Work request -> Only the lines below from the one containing "(\<lambda>x. (t *" to the one containing "(\<lambda>x. (ubar x" should be repeated, both included and unchanged.

Supplied information ->

^^^^

lemma Linf_square_integrable:
  assumes "\<Omega> \<in> lmeasurable" "Linf \<Omega> f"
  shows "integrable (lebesgue_on \<Omega>) (\<lambda>x. (f x)\<^sup>2)"
proof -
  interpret finite_measure "lebesgue_on \<Omega>"
    using assms(1) by (rule finite_measure_lebesgue_on)
  obtain C where meas: "f \<in> borel_measurable (lebesgue_on \<Omega>)"
    and C: "AE x in lebesgue_on \<Omega>. \<bar>f x\<bar> \<le> C"
    using assms(2) unfolding Linf_def by blast
  from C have "AE x in lebesgue_on \<Omega>. norm ((f x)\<^sup>2) \<le> C\<^sup>2"
    by eventually_elim (simp, metis abs_ge_zero power2_abs power_mono)
  moreover from meas have "(\<lambda>x. (f x)\<^sup>2) \<in> borel_measurable (lebesgue_on \<Omega>)"
    by measurable
  ultimately show ?thesis
    by (rule integrable_const_bound)
qed

lemma L2norm_nonneg: "0 \<le> L2norm \<Omega> f"
  unfolding L2norm_def by simp

lemma L2norm_square: "(L2norm \<Omega> f)\<^sup>2 = (\<integral>x. (f x)\<^sup>2 \<partial>lebesgue_on \<Omega>)"
  unfolding L2norm_def by simp

lemma L2norm_mult: "L2norm \<Omega> (\<lambda>x. c * f x) = \<bar>c\<bar> * L2norm \<Omega> f"
  unfolding L2norm_def by (simp add: power_mult_distrib real_sqrt_mult)

lemma L2norm_diff_commute: "L2norm \<Omega> (\<lambda>x. f x - g x) = L2norm \<Omega> (\<lambda>x. g x - f x)"
  unfolding L2norm_def by (simp add: power2_commute)

lemma L2norm_add_square_le:
  assumes "integrable (lebesgue_on \<Omega>) (\<lambda>x. (f x)\<^sup>2)" "integrable (lebesgue_on \<Omega>) (\<lambda>x. (g x)\<^sup>2)"
  shows "(L2norm \<Omega> (\<lambda>x. f x + g x))\<^sup>2 \<le> 2 * (L2norm \<Omega> f)\<^sup>2 + 2 * (L2norm \<Omega> g)\<^sup>2"
proof -
  have "(p + q)\<^sup>2 \<le> 2 * p\<^sup>2 + 2 * q\<^sup>2" for p q :: real
    using sum_power2_ge_zero[of "p - q" 0] by (simp add: power2_eq_square algebra_simps)
  then have "(\<integral>x. (f x + g x)\<^sup>2 \<partial>lebesgue_on \<Omega>) \<le> (\<integral>x. 2 * (f x)\<^sup>2 + 2 * (g x)\<^sup>2 \<partial>lebesgue_on \<Omega>)"
    using assms by (intro integral_mono') auto
  also have "\<dots> = 2 * (\<integral>x. (f x)\<^sup>2 \<partial>lebesgue_on \<Omega>) + 2 * (\<integral>x. (g x)\<^sup>2 \<partial>lebesgue_on \<Omega>)"
    using assms by simp
  finally show ?thesis
    by (simp only: L2norm_square)
qed

lemma L2norm_add_le_double:
  assumes "integrable (lebesgue_on \<Omega>) (\<lambda>x. (f x)\<^sup>2)" "integrable (lebesgue_on \<Omega>) (\<lambda>x. (g x)\<^sup>2)"
    and "L2norm \<Omega> f \<le> r" "L2norm \<Omega> g \<le> r"
  shows "L2norm \<Omega> (\<lambda>x. f x + g x) \<le> 2 * r"
proof -
  have "(L2norm \<Omega> f)\<^sup>2 \<le> r\<^sup>2"
    using assms(3) by (rule power_mono) (rule L2norm_nonneg)
  moreover have "(L2norm \<Omega> g)\<^sup>2 \<le> r\<^sup>2"
    using assms(4) by (rule power_mono) (rule L2norm_nonneg)
  ultimately have "(L2norm \<Omega> (\<lambda>x. f x + g x))\<^sup>2 \<le> 4 * r\<^sup>2"
    using L2norm_add_square_le[OF assms(1,2)] by linarith
  then have "(L2norm \<Omega> (\<lambda>x. f x + g x))\<^sup>2 \<le> (2 * r)\<^sup>2"
    by (simp add: power_mult_distrib)
  moreover have "0 \<le> 2 * r"
    using assms(3) L2norm_nonneg[of \<Omega> f] by linarith
  ultimately show ?thesis
    by (rule power2_le_imp_le)
qed

lemma divide_add_quarter_le:
  fixes d s :: real
  assumes "0 \<le> d" "0 < s"
  shows "d / (d + s / 4) \<le> 4 * d / s"
proof -
  have "d / (d + s / 4) \<le> d / (s / 4)"
    using assms by (intro divide_left_mono) auto
  then show ?thesis
    by (simp add: mult.commute)
qed

lemma L2norm_Slater_step_le:
  assumes \<Omega>: "\<Omega> \<in> lmeasurable"
    and Linf: "Linf \<Omega> ubar" "Linf \<Omega> uhat" "Linf \<Omega> u"
    and t: "0 < t" "t * L2norm \<Omega> (\<lambda>x. uhat x - ubar x) \<le> r"
    and u: "L2norm \<Omega> (\<lambda>x. u x - ubar x) \<le> r"
    and \<sigma>: "0 < \<sigma>"
    and dP: "0 \<le> dP"
    and \<delta>: "0 \<le> \<delta>" "\<delta> \<le> dP / (dP + t * \<sigma> / 4)"
  shows "L2norm \<Omega> (\<lambda>x. u x - (u x + \<delta> * (ubar x + t * (uhat x - ubar x) - u x)))
           \<le> 8 * r / (t * \<sigma>) * dP"
proof -
  have "L2norm \<Omega> (\<lambda>x. t * (uhat x - ubar x) + (ubar x - u x)) \<le> 2 * r"
  proof (rule L2norm_add_le_double)
    show "integrable (lebesgue_on \<Omega>) (\<lambda>x. (t * (uhat x - ubar x))\<^sup>2)"
      "integrable (lebesgue_on \<Omega>) (\<lambda>x. (ubar x - u x)\<^sup>2)"
      using Linf_square_integrable[OF \<Omega> Linf_diff] Linf by (simp_all add: power_mult_distrib)
  qed (use t u L2norm_diff_commute[of \<Omega> u ubar] in \<open>simp_all add: L2norm_mult\<close>)
  then have step: "L2norm \<Omega> (\<lambda>x. ubar x + t * (uhat x - ubar x) - u x) \<le> 2 * r"
    by (simp add: algebra_simps)
  have "L2norm \<Omega> (\<lambda>x. u x - (u x + \<delta> * (ubar x + t * (uhat x - ubar x) - u x)))
        = \<delta> * L2norm \<Omega> (\<lambda>x. ubar x + t * (uhat x - ubar x) - u x)"
    using L2norm_mult[of \<Omega> "- \<delta>"] \<delta>(1) by simp
  also have "\<dots> \<le> 4 * dP / (t * \<sigma>) * (2 * r)"
    using \<delta> divide_add_quarter_le[OF dP, of "t * \<sigma>"] t(1) \<sigma> step L2norm_nonneg
    by (intro mult_mono) auto
  finally show ?thesis
    by (simp add: ac_simps)
qed

lemma viol_nonneg:
  assumes "continuous_on (closure \<Omega>) (S u)" "continuous_on (closure \<Omega>) \<psi>"
    and "bounded \<Omega>" "\<Omega> \<noteq> {}"
  shows "0 \<le> viol \<Omega> S \<psi> u"
proof -
  have "compact ((\<lambda>x. \<bar>max 0 (S u x - \<psi> x)\<bar>) ` closure \<Omega>)"
    using assms by (intro compact_continuous_image continuous_intros) auto
  then have "bdd_above ((\<lambda>x. \<bar>max 0 (S u x - \<psi> x)\<bar>) ` closure \<Omega>)"
    by (intro bounded_imp_bdd_above compact_imp_bounded)
  moreover obtain x0 where "x0 \<in> closure \<Omega>"
    using assms(4) closure_subset by blast
  ultimately have "\<bar>max 0 (S u x0 - \<psi> x0)\<bar> \<le> viol \<Omega> S \<psi> u"
    unfolding viol_def by (rule cSUP_upper[rotated])
  then show ?thesis
    by linarith
qed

^^^^

Your response ->
    show "integrable (lebesgue_on \<Omega>) (\<lambda>x. (t * (uhat x - ubar x))\<^sup>2)"
      "integrable (lebesgue_on \<Omega>) (\<lambda>x. (ubar x - u x)\<^sup>2)"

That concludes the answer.